#### [DATA EXTRACTS]
lemma rotation_matrix_entry_identities:
  fixes R :: mat3
  assumes "rotation_matrix R"
  defines "a \<equiv> R$1$1" and "b \<equiv> R$1$2" and "c \<equiv> R$1$3" and "d \<equiv> R$2$1" and "e \<equiv> R$2$2"
    and "f \<equiv> R$2$3" and "g \<equiv> R$3$1" and "h \<equiv> R$3$2" and "i \<equiv> R$3$3"
  shows "c = d*h - e*g" "f = b*g - a*h" "i = a*e - b*d"
    "a = e*i - f*h" "d = c*h - b*i" "g = b*f - c*e"
    "b = f*g - d*i" "e = a*i - c*g" "h = c*d - a*f"
    "a*a+b*b+c*c = 1" "d*d+e*e+f*f = 1" "g*g+h*h+i*i = 1" "a*d+b*e+c*f = 0" "a*g+b*h+c*i = 0" "d*g+e*h+f*i = 0"
    "a*a+d*d+g*g = 1" "b*b+e*e+h*h = 1" "c*c+f*f+i*i = 1" "a*b+d*e+g*h = 0" "a*c+d*f+g*i = 0" "b*c+e*f+h*i = 0"
proof -
  have "cross3 (column k R) (column l R) = R *v cross3 (axis k 1) (axis l 1)" for k l
    using cross_rotation_matrix[OF assms(1)] by (simp flip: matrix_vector_mult_basis)
  then have "cross3 (column 1 R) (column 2 R) = column 3 R" "cross3 (column 2 R) (column 3 R) = column 1 R"
    "cross3 (column 3 R) (column 1 R) = column 2 R"
    by (simp_all add: cross_basis matrix_vector_mult_basis)
  then show "c = d*h - e*g" "f = b*g - a*h" "i = a*e - b*d"
    "a = e*i - f*h" "d = c*h - b*i" "g = b*f - c*e"
    "b = f*g - d*i" "e = a*i - c*g" "h = c*d - a*f"
    unfolding a_def b_def c_def d_def e_def f_def g_def h_def i_def
    by (simp_all add: cross3_def vec_eq_iff forall_3 column_def) (simp_all add: algebra_simps)
  have "\<forall>k l. (R ** transpose R)$k$l = mat 1 $k$l" "\<forall>k l. (transpose R ** R)$k$l = mat 1 $k$l"
    using assms(1) by (auto simp: rotation_matrix_def orthogonal_matrix_def)
  then show "a*a+b*b+c*c = 1" "d*d+e*e+f*f = 1" "g*g+h*h+i*i = 1" "a*d+b*e+c*f = 0" "a*g+b*h+c*i = 0" "d*g+e*h+f*i = 0"
    "a*a+d*d+g*g = 1" "b*b+e*e+h*h = 1" "c*c+f*f+i*i = 1" "a*b+d*e+g*h = 0" "a*c+d*f+g*i = 0" "b*c+e*f+h*i = 0"
    by (simp_all add: forall_3 transpose_def matrix_matrix_mult_def sum_3 mat_def a_def b_def c_def d_def e_def f_def g_def h_def i_def algebra_simps)
qed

#### [TASK DETAILS]
Could you write out, exactly, each line of the data above from the one containing "using cross_rotation_matrix[OF assms(1)]" through the last, including both?

#### [YOUR RESPONSE]
    using cross_rotation_matrix[OF assms(1)] by (simp flip: matrix_vector_mult_basis)
  then have "cross3 (column 1 R) (column 2 R) = column 3 R" "cross3 (column 2 R) (column 3 R) = column 1 R"
    "cross3 (column 3 R) (column 1 R) = column 2 R"
    by (simp_all add: cross_basis matrix_vector_mult_basis)
  then show "c = d*h - e*g" "f = b*g - a*h" "i = a*e - b*d"
    "a = e*i - f*h" "d = c*h - b*i" "g = b*f - c*e"
    "b = f*g - d*i" "e = a*i - c*g" "h = c*d - a*f"
    unfolding a_def b_def c_def d_def e_def f_def g_def h_def i_def
    by (simp_all add: cross3_def vec_eq_iff forall_3 column_def) (simp_all add: algebra_simps)
  have "\<forall>k l. (R ** transpose R)$k$l = mat 1 $k$l" "\<forall>k l. (transpose R ** R)$k$l = mat 1 $k$l"
    using assms(1) by (auto simp: rotation_matrix_def orthogonal_matrix_def)
  then show "a*a+b*b+c*c = 1" "d*d+e*e+f*f = 1" "g*g+h*h+i*i = 1" "a*d+b*e+c*f = 0" "a*g+b*h+c*i = 0" "d*g+e*h+f*i = 0"
    "a*a+d*d+g*g = 1" "b*b+e*e+h*h = 1" "c*c+f*f+i*i = 1" "a*b+d*e+g*h = 0" "a*c+d*f+g*i = 0" "b*c+e*f+h*i = 0"
    by (simp_all add: forall_3 transpose_def matrix_matrix_mult_def sum_3 mat_def a_def b_def c_def d_def e_def f_def g_def h_def i_def algebra_simps)
qed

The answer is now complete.